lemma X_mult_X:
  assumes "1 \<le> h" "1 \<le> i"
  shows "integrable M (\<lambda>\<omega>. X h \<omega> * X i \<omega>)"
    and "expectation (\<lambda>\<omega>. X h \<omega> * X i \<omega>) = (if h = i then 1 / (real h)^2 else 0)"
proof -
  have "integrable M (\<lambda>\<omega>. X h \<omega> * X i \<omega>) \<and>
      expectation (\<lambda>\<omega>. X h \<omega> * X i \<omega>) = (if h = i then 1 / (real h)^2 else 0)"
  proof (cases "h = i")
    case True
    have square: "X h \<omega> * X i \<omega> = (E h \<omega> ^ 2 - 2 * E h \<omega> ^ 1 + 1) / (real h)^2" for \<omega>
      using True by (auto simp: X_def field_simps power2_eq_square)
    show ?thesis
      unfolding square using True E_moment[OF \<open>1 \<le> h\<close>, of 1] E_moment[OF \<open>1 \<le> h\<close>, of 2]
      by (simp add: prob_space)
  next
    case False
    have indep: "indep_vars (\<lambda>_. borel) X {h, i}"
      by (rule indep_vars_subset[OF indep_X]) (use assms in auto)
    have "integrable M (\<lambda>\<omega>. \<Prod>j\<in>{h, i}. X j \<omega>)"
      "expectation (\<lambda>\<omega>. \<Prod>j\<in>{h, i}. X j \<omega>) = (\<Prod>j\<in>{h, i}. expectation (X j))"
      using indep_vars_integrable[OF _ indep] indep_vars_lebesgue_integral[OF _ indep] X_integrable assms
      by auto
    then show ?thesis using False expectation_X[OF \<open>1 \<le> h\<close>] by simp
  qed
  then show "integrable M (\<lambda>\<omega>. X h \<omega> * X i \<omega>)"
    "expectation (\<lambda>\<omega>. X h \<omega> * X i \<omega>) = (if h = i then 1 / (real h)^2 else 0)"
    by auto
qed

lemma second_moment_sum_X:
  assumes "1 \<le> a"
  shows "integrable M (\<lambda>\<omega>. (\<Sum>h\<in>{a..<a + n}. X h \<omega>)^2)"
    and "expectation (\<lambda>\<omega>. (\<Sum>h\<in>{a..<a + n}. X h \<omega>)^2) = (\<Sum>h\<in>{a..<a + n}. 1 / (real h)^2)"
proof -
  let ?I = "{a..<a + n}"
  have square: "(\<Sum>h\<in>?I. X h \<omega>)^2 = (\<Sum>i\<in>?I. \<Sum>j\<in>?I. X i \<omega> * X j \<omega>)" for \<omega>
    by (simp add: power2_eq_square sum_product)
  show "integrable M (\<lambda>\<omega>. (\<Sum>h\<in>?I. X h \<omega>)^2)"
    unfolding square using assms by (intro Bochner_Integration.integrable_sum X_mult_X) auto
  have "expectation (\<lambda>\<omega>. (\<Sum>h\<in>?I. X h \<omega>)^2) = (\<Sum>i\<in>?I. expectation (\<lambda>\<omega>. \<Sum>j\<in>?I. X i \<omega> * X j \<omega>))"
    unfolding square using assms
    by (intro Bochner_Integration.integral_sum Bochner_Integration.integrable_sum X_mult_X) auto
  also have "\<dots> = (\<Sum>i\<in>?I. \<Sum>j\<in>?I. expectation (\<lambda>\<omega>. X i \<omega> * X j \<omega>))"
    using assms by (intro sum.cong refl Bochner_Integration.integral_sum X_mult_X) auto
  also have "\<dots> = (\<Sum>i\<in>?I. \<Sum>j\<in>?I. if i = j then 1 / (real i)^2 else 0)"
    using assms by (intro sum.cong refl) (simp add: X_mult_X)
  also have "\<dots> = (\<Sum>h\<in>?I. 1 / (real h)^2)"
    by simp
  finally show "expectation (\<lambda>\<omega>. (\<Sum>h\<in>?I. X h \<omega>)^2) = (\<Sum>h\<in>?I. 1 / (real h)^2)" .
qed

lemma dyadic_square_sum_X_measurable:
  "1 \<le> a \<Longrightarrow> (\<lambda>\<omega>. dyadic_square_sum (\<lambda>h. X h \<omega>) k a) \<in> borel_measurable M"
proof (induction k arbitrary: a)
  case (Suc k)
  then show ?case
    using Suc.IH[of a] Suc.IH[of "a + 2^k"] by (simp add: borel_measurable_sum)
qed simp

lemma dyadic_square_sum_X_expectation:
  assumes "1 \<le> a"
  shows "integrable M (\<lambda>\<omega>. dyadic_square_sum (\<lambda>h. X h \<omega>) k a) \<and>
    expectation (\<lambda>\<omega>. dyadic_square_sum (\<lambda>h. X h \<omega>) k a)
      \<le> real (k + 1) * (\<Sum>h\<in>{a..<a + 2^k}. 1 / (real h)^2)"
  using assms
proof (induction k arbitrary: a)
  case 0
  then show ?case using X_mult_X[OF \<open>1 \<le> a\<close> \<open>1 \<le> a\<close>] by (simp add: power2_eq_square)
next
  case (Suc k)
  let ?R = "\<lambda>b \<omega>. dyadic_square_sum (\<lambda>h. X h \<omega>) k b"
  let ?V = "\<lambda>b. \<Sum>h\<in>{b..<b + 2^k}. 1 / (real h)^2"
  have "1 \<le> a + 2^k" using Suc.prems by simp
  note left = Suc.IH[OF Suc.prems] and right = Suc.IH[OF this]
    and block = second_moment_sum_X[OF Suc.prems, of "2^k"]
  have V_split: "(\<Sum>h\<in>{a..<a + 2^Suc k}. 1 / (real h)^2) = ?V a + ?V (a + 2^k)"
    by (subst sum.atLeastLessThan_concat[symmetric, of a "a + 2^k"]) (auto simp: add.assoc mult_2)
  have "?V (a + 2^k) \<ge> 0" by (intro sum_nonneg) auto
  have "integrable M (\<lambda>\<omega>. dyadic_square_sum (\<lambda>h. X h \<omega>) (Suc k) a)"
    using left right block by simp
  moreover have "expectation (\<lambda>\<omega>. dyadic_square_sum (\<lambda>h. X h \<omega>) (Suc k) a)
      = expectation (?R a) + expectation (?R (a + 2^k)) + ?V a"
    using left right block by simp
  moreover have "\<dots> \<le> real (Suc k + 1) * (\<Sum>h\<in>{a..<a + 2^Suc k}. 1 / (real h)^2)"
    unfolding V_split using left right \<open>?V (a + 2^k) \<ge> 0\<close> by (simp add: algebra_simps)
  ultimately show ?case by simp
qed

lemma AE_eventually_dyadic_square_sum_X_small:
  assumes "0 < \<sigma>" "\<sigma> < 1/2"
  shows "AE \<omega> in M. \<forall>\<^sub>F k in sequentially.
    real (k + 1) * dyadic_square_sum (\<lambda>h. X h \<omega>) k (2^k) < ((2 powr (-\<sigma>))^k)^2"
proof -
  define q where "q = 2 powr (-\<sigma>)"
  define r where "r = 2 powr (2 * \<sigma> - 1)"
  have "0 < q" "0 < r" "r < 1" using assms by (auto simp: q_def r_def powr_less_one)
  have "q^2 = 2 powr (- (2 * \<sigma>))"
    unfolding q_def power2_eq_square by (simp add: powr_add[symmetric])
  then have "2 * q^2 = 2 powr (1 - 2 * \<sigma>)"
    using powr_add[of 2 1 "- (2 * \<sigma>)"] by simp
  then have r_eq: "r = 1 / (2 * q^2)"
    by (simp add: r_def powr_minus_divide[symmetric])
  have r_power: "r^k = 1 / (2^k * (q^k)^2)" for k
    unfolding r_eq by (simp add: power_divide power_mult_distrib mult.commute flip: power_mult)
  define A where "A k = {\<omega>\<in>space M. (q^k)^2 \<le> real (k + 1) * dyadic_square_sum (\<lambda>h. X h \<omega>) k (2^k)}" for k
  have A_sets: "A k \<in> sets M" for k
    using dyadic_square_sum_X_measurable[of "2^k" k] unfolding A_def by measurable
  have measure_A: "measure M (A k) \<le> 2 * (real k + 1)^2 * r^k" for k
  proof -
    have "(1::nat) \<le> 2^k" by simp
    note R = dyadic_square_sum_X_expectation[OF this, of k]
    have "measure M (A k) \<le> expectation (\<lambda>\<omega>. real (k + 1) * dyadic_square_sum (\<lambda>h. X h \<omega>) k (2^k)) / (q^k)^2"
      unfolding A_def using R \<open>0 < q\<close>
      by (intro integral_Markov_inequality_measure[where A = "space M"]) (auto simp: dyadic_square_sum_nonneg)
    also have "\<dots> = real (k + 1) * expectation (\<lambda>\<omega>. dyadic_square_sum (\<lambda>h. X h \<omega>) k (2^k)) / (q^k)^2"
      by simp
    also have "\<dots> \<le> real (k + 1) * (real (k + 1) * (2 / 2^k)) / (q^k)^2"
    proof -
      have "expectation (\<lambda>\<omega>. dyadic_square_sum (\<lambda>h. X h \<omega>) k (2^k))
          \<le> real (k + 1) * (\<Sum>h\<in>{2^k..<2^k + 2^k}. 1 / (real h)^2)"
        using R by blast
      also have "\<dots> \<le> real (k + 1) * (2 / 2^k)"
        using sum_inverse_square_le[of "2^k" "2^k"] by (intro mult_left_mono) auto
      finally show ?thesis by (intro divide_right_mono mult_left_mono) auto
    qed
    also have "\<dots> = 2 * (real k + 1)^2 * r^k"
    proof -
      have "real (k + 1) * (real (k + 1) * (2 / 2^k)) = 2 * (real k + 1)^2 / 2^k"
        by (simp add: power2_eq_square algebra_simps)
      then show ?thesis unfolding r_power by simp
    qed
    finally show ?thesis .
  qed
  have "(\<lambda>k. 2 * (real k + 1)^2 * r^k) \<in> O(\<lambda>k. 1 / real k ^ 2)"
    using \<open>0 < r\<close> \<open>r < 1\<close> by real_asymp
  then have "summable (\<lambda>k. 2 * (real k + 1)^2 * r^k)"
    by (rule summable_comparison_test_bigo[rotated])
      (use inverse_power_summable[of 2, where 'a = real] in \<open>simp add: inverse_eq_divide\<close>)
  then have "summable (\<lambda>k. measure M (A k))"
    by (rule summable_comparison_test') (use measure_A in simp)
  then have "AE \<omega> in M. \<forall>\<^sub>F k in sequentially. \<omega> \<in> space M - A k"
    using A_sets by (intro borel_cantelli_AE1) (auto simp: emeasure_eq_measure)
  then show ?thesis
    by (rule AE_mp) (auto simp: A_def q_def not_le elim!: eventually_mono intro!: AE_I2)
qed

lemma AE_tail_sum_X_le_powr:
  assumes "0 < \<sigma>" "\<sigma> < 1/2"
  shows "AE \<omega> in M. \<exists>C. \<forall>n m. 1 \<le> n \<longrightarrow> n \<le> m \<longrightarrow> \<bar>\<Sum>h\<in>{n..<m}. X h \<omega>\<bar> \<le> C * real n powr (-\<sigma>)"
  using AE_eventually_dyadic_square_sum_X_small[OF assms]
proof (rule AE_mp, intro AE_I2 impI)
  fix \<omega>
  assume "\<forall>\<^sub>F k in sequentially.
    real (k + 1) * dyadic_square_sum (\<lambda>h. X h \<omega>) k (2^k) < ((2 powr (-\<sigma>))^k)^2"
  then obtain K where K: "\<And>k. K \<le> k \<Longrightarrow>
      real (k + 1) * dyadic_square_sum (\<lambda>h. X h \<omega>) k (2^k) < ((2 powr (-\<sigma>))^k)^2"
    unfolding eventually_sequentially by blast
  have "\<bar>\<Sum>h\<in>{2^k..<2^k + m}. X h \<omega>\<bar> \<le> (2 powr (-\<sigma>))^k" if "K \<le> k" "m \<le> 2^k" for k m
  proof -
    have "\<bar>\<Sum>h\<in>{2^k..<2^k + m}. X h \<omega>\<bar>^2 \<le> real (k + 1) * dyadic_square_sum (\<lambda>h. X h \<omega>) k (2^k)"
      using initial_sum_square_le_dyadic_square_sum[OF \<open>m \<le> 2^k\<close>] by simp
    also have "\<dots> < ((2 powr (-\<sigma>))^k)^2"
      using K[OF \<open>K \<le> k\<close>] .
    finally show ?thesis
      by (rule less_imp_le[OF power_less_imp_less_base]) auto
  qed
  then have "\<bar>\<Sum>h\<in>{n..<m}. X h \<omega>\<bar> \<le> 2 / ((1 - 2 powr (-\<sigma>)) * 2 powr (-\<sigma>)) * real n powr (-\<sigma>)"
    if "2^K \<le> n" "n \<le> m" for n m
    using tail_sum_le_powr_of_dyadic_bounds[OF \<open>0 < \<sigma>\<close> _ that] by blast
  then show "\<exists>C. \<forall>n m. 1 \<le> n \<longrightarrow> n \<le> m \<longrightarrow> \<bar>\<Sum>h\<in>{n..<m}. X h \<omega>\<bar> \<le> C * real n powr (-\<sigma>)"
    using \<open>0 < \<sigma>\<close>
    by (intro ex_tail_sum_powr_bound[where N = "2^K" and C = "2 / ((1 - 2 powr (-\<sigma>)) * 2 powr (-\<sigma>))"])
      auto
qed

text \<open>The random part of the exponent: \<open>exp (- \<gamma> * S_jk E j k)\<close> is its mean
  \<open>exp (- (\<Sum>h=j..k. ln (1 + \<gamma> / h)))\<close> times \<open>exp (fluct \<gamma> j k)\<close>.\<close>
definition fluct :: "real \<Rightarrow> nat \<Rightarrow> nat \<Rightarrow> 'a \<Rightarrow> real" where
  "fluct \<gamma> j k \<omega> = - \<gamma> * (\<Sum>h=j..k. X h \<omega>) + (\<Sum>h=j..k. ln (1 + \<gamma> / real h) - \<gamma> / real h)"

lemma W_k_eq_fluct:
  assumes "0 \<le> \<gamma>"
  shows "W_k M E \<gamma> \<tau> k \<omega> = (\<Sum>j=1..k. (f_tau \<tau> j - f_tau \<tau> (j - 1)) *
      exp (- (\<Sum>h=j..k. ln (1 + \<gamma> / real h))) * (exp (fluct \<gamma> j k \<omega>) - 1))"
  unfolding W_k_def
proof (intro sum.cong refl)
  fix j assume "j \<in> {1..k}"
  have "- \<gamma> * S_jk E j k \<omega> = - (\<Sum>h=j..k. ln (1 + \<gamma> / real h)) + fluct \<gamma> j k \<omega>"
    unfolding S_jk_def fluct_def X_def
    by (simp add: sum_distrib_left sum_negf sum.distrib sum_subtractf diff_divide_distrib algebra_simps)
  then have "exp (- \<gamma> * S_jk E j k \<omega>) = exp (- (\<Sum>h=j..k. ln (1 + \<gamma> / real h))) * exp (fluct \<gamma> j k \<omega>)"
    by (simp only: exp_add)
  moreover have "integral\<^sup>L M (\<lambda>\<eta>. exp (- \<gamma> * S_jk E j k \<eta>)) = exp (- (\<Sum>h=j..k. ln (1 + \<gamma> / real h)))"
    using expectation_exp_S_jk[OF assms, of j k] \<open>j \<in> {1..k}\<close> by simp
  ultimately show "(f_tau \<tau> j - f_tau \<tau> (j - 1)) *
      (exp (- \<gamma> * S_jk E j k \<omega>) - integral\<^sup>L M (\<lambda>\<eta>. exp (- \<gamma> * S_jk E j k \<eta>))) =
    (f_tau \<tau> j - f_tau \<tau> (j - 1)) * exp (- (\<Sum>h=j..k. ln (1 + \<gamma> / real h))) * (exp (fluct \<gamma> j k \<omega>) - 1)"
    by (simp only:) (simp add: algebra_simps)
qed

EXERCISE:
Note each line of the material holding "exists" and copy it out.

COMPLETED EXERCISE:
  shows "AE \<omega> in M. \<exists>C. \<forall>n m. 1 \<le> n \<longrightarrow> n \<le> m \<longrightarrow> \<bar>\<Sum>h\<in>{n..<m}. X h \<omega>\<bar> \<le> C * real n powr (-\<sigma>)"
  then show "\<exists>C. \<forall>n m. 1 \<le> n \<longrightarrow> n \<le> m \<longrightarrow> \<bar>\<Sum>h\<in>{n..<m}. X h \<omega>\<bar> \<le> C * real n powr (-\<sigma>)"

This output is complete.